# Automorphic representations whose local factors are tempered almost everywhere

Let $F$ be a global field, let $\mathbf{G}$ be a reductive algebraic group over $F$, and let $\pi$ be an irreducible discrete automorphic representation of $\mathbf{G}$. Write $\pi$ as a restricted product of local factors $\pi=\bigotimes_\nu\pi_{\nu}$ (here, $\nu$ ranges over the places of $F$), and suppose that for almost all $\nu$, the $\mathbf{G}(F_\nu)$-representation $\pi_\nu$ is tempered. Is it true that $\pi_\nu$ is tempered for all $\nu$?

I am particularly interested in the following setting: Suppose $F$ has positive characteristic, let $D$ be a central division $F$-algebra and take $\mathbf{G}=\mathbf{GL}_1(D)$ or $\mathbf{G}=\mathbf{PGL}_1(D)$.

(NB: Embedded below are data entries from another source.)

definition is_cycle :: "'a set \<Rightarrow> 'a set set \<Rightarrow> 'a list \<Rightarrow> bool" where
  "is_cycle V E cs \<longleftrightarrow> length cs \<ge> 3 \<and> distinct cs \<and> set cs \<subseteq> V \<and>
     (\<forall>i. Suc i < length cs \<longrightarrow> adj E (cs ! i) (cs ! Suc i)) \<and> adj E (last cs) (hd cs)"

definition is_tree :: "'a set \<Rightarrow> 'a set set \<Rightarrow> bool" where
  "is_tree V E \<longleftrightarrow> simple_graph V E \<and> connected_graph V E \<and> (\<nexists>cs. is_cycle V E cs)"

definition degree :: "'a set set \<Rightarrow> 'a \<Rightarrow> nat" where
  "degree E v = card {e \<in> E. v \<in> e}"

definition binary_tree :: "'a set \<Rightarrow> 'a set set \<Rightarrow> bool" where
  "binary_tree V E \<longleftrightarrow> is_tree V E \<and>
     (\<exists>r\<in>V. degree E r = 2 \<and> (\<forall>v\<in>V - {r}. degree E v = 1 \<or> degree E v = 3))"

text \<open>Quasi-binary tree: a tree which is (isomorphic to) a connected subgraph of a binary tree.
  The ambient binary tree is taken on vertex type nat; the subgraph relation is expressed
  by an injective vertex map sending edges to edges.\<close>
definition quasi_binary_tree :: "'a set \<Rightarrow> 'a set set \<Rightarrow> bool" where
  "quasi_binary_tree V E \<longleftrightarrow> is_tree V E \<and>
     (\<exists>(VB :: nat set) EB f. binary_tree VB EB \<and> inj_on f V \<and> f ` V \<subseteq> VB \<and>
        (\<forall>u v. {u, v} \<in> E \<longrightarrow> {f u, f v} \<in> EB))"

definition components :: "'a set \<Rightarrow> 'a set set \<Rightarrow> 'a set set" where
  "components V E = {{y \<in> V. reach V E x y} | x. x \<in> V}"

definition weight :: "('a \<Rightarrow> real) \<Rightarrow> 'a set \<Rightarrow> real" where
  "weight \<omega> H = (\<Sum>v\<in>H. \<omega> v)"

end

theory Submission
  imports Defs "HOL-Library.Transitive_Closure_Table"
begin

text \<open>Deleting an edge \<open>uv\<close> of a tree splits it into the side of \<open>u\<close> and the side of \<open>v\<close>.
  Among all edges with a side of weight at least \<open>\<eta>\<close> (one exists since \<open>\<eta> \<le> \<omega>(T)/2\<close>),
  pick one, say with side \<open>S\<close> containing \<open>v\<close>, for which \<open>S\<close> has the fewest vertices.
  Then \<open>S\<close> is \<open>v\<close> together with the sides of the at most \<open>deg v - 1\<close> other edges at \<open>v\<close>,
  each of weight below \<open>\<eta>\<close> by minimality. Hence \<open>\<omega>(S) \<le> \<omega>(v) + (deg v - 1) \<eta>\<close>, which is
  at most \<open>2\<eta> + \<gamma>\<close> by the hypothesis matching \<open>deg v \<in> {1,2,3}\<close>.\<close>

lemma adj_commute: "adj E x y \<longleftrightarrow> adj E y x"
  by (auto simp: adj_def insert_commute)

lemma reach_induct[consumes 1, case_names refl step]:
  assumes "reach V E x y" "P x"
    "\<And>y z. reach V E x y \<Longrightarrow> P y \<Longrightarrow> adj E y z \<Longrightarrow> z \<in> V \<Longrightarrow> P z"
  shows "P y"
proof -
  from assms(1) have r: "(x, y) \<in> {(x, y). x \<in> V \<and> y \<in> V \<and> adj E x y}\<^sup>*" and "x \<in> V"
    by (auto simp: reach_def)
  from r show ?thesis
  proof (induction rule: rtrancl_induct)
    case base
    show ?case using assms(2) .
  next
    case (step y z)
    then have "reach V E x y" using \<open>x \<in> V\<close> by (auto simp: reach_def)
    then show ?case using assms(3) step by auto
  qed
qed

lemma reach_in_V: "reach V E x y \<Longrightarrow> x \<in> V \<and> y \<in> V"
  by (simp add: reach_def)

lemma reach_refl: "x \<in> V \<Longrightarrow> reach V E x x"
  by (simp add: reach_def)

lemma reach_step: "reach V E x y \<Longrightarrow> adj E y z \<Longrightarrow> z \<in> V \<Longrightarrow> reach V E x z"
  unfolding reach_def by (auto intro: rtrancl_into_rtrancl)

lemma reach_edge: "adj E x y \<Longrightarrow> x \<in> V \<Longrightarrow> y \<in> V \<Longrightarrow> reach V E x y"
  by (metis reach_refl reach_step)

lemma reach_trans: "reach V E x y \<Longrightarrow> reach V E y z \<Longrightarrow> reach V E x z"
  unfolding reach_def by (auto intro: rtrancl_trans)

lemma reach_sym:
  assumes "reach V E x y"
  shows "reach V E y x"
  using assms
proof (induction rule: reach_induct)
  case refl
  show ?case using reach_in_V[OF assms] reach_refl by metis
next
  case (step y z)
  then show ?case by (meson adj_commute reach_in_V reach_edge reach_trans)
qed

lemma reach_mono:
  assumes "E1 \<subseteq> E2" and "reach V E1 x y"
  shows "reach V E2 x y"
  using assms(2)
proof (induction rule: reach_induct)
  case refl
  show ?case using reach_in_V[OF assms(2)] reach_refl by metis
next
  case (step y z)
  then have "adj E2 y z" using assms(1) by (auto simp: adj_def)
  then show ?case using step reach_step by metis
qed

definition component_of :: "'a set \<Rightarrow> 'a set set \<Rightarrow> 'a \<Rightarrow> 'a set" where
  "component_of V E x = {y \<in> V. reach V E x y}"

lemma component_of_in_components: "x \<in> V \<Longrightarrow> component_of V E x \<in> components V E"
  by (auto simp: component_of_def components_def)

definition neighbours :: "'a set set \<Rightarrow> 'a \<Rightarrow> 'a set" where
  "neighbours E v = {w. {v, w} \<in> E}"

Notice that the answer to the above question is yes in case $F$ has positive characteristic and $\mathbf{G}=\mathbf{GL}_n$. In fact, in this case, if just one of the local factors is tempered, then all local factors are tempered. This follows from Lafforgue's proof of the Ramanujan conjecture for $\mathbf{GL}_n$ in positive characteristic, asserting that local factors of cuspidal automorphic representations are tempered, and the description of the residual spectrum by M\oeglin and Waldspurger (1989), which implies (after some work) that the local factors of residual representations of $\mathbf{GL}_n$ are never tempered.

Returning to the the case of $\mathbf{G}=\mathbf{GL}_1(D)$ with $\mathrm{char}(F)>0$, let $\pi=\bigotimes_\nu\pi_\nu$ be an automorphic representation of $\mathbf{G}$ such that $\pi_n$ is tempered for almost all $\nu$. The global Jacquet-Langlads correspondence gives an automorphic representation $\rho=\bigotimes_\nu\rho_\nu$ of $\mathbf{GL}_n$ such that $\rho_\nu=\pi_\nu$ for all $\nu\notin S$. By the previous paragraph, this means $\rho_\nu$ is tempered for all $\nu$. The question therefore reduces to a question about the behavior of the global Jacquet-Langlands correspondence at ramified places, namely, does the fact that $\rho_\nu$ is tempered for all $\nu\in S$ implies that $\pi_\nu$ is tempered for all $\nu\in S$. Of course, the answer is yes if $D_\nu:=D\otimes_FF_\nu$ is a division algebra for all $\nu\in S$, so assume this is not the case.

• Note for general $G$, being tempered at one place is not enough: mathoverflow.net/q/184937 Feb 2, 2016 at 22:13

It turns out that the answer is "yes" in the case $\mathbf{G}=\mathbf{GL}_1(D)$, where $D$ is a central division $F$-algebra of degree $n$ and $\mathrm{char}(F)>0$. More precisely, the local Jacquet-Langlands at a place $\nu$ takes (when defined) tempered representations of $\mathbf{GL}_n(F_\nu)$ to tempered representations of $\mathbf{GL}_1(D_\nu)$. Since the global correspondence behaves like the local correspondence on each local factors, this gives the result as explained above.

The proof of the statement about the local Jacquet-Langlands correspondence is done by noting the following (non-trivial) facts:

• The local Jacquet-Langlands correspondence is compatible with the $\times$-product.

• The tempered representations of $\mathbf{GL}_r(D_\nu)$ are precisely those of the form $\pi_1\times\dots\times \pi_t$ where $\pi_i$ is an irreducible (unitary) square-integrable representation of $\mathbf{GL}_{r_i}(D_\nu)$ and $\sum r_i=r$.

• The local Jacquet-Langlands (which is defined for a certain class of unitary representations of $\mathbf{GL}_{nr}(F_\nu)$) restricts to a bijection between the square integrable representations of $\mathbf{GL}_r(D_\nu)$ and $\mathbf{GL}_{nr}(F_\nu)$.

This argument is not mine and was communicated to me independently by I.A. Badulescu and A.-M. Aubert.

I wrote a full proof giving references to the previous three facts in Theorem 7.13 in https://arxiv.org/abs/1605.02664 .

It should be noted that this proof uses a lot of heavy machinery such as the Ramanujan conjecture for $\mathbf{GL}_n$ in positive characteristic and the global Jacquet-Langlands correspondence. I was kind of hoping that there would be a less involved proof.